== Provided data ==

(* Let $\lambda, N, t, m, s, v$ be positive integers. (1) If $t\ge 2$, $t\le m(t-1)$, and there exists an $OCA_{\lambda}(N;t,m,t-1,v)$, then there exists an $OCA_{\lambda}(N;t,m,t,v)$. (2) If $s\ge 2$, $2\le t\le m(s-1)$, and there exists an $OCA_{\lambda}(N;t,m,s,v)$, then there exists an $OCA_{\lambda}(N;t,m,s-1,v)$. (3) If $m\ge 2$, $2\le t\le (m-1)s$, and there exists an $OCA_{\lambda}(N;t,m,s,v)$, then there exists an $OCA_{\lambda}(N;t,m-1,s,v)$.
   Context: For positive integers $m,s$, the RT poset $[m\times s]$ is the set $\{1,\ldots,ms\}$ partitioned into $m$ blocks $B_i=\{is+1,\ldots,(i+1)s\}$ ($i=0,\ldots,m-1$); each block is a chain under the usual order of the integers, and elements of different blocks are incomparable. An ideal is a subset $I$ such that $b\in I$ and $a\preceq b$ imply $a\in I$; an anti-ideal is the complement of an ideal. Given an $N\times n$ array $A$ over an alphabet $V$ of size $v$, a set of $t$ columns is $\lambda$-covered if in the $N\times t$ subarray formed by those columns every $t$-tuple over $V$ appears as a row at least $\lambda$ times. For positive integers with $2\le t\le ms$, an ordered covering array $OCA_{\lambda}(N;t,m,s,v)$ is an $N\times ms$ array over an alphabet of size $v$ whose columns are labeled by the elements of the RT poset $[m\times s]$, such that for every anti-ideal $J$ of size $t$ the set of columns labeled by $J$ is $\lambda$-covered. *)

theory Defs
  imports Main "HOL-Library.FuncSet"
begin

===
== Provided data ==

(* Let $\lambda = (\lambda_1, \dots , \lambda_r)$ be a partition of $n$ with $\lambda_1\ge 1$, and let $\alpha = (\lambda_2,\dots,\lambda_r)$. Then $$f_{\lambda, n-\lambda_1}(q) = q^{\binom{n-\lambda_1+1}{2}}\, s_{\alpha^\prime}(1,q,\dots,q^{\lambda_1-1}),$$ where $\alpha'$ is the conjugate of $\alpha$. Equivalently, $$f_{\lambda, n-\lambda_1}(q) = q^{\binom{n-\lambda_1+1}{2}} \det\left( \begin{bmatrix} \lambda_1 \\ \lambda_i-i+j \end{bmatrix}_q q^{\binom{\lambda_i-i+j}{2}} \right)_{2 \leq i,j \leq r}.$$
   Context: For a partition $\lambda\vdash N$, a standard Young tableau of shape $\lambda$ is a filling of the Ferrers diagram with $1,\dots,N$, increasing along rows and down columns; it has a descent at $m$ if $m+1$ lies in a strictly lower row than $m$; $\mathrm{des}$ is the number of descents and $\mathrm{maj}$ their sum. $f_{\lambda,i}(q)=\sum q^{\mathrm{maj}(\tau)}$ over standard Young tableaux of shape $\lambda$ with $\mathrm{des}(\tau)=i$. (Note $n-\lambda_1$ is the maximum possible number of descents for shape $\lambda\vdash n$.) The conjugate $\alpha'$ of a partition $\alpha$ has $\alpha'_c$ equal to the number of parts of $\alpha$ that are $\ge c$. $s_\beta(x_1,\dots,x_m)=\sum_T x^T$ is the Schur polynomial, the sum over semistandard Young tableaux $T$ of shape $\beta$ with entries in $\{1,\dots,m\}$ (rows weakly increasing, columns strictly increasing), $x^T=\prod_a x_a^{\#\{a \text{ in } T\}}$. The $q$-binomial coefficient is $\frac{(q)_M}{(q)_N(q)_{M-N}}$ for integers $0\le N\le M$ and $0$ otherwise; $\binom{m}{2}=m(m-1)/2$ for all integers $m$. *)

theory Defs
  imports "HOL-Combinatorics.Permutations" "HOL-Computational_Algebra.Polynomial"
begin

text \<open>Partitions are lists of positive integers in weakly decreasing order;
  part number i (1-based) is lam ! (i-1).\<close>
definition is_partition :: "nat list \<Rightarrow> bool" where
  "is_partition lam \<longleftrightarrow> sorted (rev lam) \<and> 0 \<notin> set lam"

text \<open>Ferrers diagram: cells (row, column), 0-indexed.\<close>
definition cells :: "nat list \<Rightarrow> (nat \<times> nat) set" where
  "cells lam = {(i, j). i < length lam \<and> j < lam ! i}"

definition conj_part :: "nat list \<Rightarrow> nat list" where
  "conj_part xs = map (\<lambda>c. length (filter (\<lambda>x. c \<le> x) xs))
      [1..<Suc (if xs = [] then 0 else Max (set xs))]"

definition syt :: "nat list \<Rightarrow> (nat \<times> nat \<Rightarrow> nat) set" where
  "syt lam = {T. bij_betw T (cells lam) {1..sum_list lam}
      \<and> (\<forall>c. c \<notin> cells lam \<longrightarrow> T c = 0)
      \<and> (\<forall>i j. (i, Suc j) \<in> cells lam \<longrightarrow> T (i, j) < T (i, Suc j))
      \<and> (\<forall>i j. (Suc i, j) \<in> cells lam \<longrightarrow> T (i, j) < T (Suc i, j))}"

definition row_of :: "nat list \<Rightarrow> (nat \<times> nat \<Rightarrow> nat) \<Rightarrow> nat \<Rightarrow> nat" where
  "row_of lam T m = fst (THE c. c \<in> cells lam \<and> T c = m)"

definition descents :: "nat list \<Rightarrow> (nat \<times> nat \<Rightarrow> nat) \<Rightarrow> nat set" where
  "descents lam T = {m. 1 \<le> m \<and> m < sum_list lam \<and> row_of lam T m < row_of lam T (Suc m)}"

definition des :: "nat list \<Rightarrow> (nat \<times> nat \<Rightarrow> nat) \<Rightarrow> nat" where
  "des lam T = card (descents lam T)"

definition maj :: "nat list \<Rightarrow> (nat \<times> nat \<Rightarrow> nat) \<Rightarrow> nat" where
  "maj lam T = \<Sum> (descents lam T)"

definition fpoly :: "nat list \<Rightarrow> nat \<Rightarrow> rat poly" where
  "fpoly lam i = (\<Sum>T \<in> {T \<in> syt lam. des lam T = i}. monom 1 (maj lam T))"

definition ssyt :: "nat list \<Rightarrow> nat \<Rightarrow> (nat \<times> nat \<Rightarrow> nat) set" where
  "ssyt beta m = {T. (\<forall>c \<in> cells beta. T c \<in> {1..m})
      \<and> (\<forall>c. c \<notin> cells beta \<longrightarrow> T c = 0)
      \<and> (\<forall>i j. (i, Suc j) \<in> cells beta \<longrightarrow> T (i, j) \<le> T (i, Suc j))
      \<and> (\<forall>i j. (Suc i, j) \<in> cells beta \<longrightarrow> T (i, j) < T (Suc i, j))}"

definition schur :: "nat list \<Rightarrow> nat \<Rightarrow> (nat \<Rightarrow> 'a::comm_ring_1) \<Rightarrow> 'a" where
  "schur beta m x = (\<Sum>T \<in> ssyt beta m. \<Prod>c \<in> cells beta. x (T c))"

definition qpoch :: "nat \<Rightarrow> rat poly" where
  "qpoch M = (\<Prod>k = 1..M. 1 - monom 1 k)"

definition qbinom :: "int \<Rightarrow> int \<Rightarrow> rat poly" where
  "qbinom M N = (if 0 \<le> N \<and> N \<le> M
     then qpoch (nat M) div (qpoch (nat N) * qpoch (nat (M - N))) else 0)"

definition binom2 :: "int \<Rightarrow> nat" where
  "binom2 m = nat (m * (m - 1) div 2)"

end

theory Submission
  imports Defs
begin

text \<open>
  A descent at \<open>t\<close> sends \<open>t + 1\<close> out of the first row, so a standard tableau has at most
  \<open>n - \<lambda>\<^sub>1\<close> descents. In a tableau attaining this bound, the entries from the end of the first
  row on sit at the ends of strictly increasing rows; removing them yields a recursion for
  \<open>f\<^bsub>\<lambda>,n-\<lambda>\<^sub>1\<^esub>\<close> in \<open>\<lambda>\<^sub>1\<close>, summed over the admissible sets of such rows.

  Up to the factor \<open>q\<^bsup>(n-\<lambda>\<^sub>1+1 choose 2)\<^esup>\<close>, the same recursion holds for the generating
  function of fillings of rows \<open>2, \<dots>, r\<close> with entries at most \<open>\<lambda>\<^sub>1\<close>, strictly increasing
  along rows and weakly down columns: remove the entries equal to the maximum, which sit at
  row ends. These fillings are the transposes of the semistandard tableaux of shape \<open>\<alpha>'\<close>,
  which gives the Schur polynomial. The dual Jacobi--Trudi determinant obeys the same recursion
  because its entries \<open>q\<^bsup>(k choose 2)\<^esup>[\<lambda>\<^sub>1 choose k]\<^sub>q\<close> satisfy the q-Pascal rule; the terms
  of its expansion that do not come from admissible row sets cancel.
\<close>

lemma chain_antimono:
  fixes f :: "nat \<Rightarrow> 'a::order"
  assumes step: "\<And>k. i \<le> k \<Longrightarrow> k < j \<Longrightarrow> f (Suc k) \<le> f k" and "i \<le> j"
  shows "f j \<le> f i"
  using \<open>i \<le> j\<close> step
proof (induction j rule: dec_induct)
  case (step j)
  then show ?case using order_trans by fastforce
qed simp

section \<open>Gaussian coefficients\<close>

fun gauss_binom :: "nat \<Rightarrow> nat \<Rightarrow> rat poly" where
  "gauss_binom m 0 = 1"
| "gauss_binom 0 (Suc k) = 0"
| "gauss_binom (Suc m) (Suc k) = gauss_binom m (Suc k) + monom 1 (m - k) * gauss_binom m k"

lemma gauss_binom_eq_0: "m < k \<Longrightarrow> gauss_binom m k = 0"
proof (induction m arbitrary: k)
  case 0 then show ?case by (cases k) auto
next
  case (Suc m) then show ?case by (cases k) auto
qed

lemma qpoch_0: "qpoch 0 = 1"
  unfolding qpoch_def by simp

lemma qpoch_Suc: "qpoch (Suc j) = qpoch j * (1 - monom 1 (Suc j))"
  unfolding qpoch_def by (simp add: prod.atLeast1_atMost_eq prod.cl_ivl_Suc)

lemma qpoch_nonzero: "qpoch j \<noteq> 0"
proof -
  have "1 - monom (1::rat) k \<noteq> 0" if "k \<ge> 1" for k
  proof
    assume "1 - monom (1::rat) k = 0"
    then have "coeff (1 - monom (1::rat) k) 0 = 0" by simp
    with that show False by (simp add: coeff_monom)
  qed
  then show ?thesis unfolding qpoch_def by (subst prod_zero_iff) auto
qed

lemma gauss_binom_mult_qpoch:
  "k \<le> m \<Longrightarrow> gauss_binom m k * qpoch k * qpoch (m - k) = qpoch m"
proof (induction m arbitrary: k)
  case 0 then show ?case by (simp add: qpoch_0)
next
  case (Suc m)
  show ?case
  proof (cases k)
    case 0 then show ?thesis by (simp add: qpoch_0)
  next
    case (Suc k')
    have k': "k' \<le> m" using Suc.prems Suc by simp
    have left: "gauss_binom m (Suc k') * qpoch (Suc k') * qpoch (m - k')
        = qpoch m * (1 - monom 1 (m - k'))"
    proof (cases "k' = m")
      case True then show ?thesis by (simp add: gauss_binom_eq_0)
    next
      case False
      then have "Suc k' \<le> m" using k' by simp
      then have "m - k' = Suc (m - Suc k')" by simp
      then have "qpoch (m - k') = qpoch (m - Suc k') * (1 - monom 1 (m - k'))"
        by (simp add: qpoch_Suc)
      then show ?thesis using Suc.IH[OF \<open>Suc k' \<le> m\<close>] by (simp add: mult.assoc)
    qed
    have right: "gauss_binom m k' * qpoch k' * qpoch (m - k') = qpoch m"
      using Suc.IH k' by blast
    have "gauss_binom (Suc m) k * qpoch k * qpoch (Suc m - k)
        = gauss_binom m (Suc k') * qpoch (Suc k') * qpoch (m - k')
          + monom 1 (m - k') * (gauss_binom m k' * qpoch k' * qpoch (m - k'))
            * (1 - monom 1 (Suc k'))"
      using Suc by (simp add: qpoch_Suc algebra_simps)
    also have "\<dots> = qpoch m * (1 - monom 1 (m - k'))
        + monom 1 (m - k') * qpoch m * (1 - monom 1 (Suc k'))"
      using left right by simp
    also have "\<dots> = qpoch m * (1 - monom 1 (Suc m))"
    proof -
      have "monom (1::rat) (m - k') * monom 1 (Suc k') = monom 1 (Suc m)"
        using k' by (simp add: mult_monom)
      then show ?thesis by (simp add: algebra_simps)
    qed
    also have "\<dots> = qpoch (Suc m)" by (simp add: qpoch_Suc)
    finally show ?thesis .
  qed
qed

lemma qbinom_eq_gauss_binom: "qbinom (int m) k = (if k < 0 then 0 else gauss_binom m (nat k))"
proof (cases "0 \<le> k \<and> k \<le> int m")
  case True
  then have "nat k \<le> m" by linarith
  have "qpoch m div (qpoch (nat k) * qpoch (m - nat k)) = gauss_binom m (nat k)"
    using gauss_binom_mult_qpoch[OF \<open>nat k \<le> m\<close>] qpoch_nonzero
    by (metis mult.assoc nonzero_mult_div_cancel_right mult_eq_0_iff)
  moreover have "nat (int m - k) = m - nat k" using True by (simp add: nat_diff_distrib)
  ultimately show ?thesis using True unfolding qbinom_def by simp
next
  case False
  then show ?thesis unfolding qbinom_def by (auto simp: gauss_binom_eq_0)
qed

===

→ Task to complete:
Using the entries above, output exactly the lines between the line holding "then show ?thesis unfolding qpoch_def" and the line holding "case (Suc k')", end lines included, and nothing more.

→ Completed task:
  then show ?thesis unfolding qpoch_def by (subst prod_zero_iff) auto
qed

lemma gauss_binom_mult_qpoch:
  "k \<le> m \<Longrightarrow> gauss_binom m k * qpoch k * qpoch (m - k) = qpoch m"
proof (induction m arbitrary: k)
  case 0 then show ?case by (simp add: qpoch_0)
next
  case (Suc m)
  show ?case
  proof (cases k)
    case 0 then show ?thesis by (simp add: qpoch_0)
  next
    case (Suc k')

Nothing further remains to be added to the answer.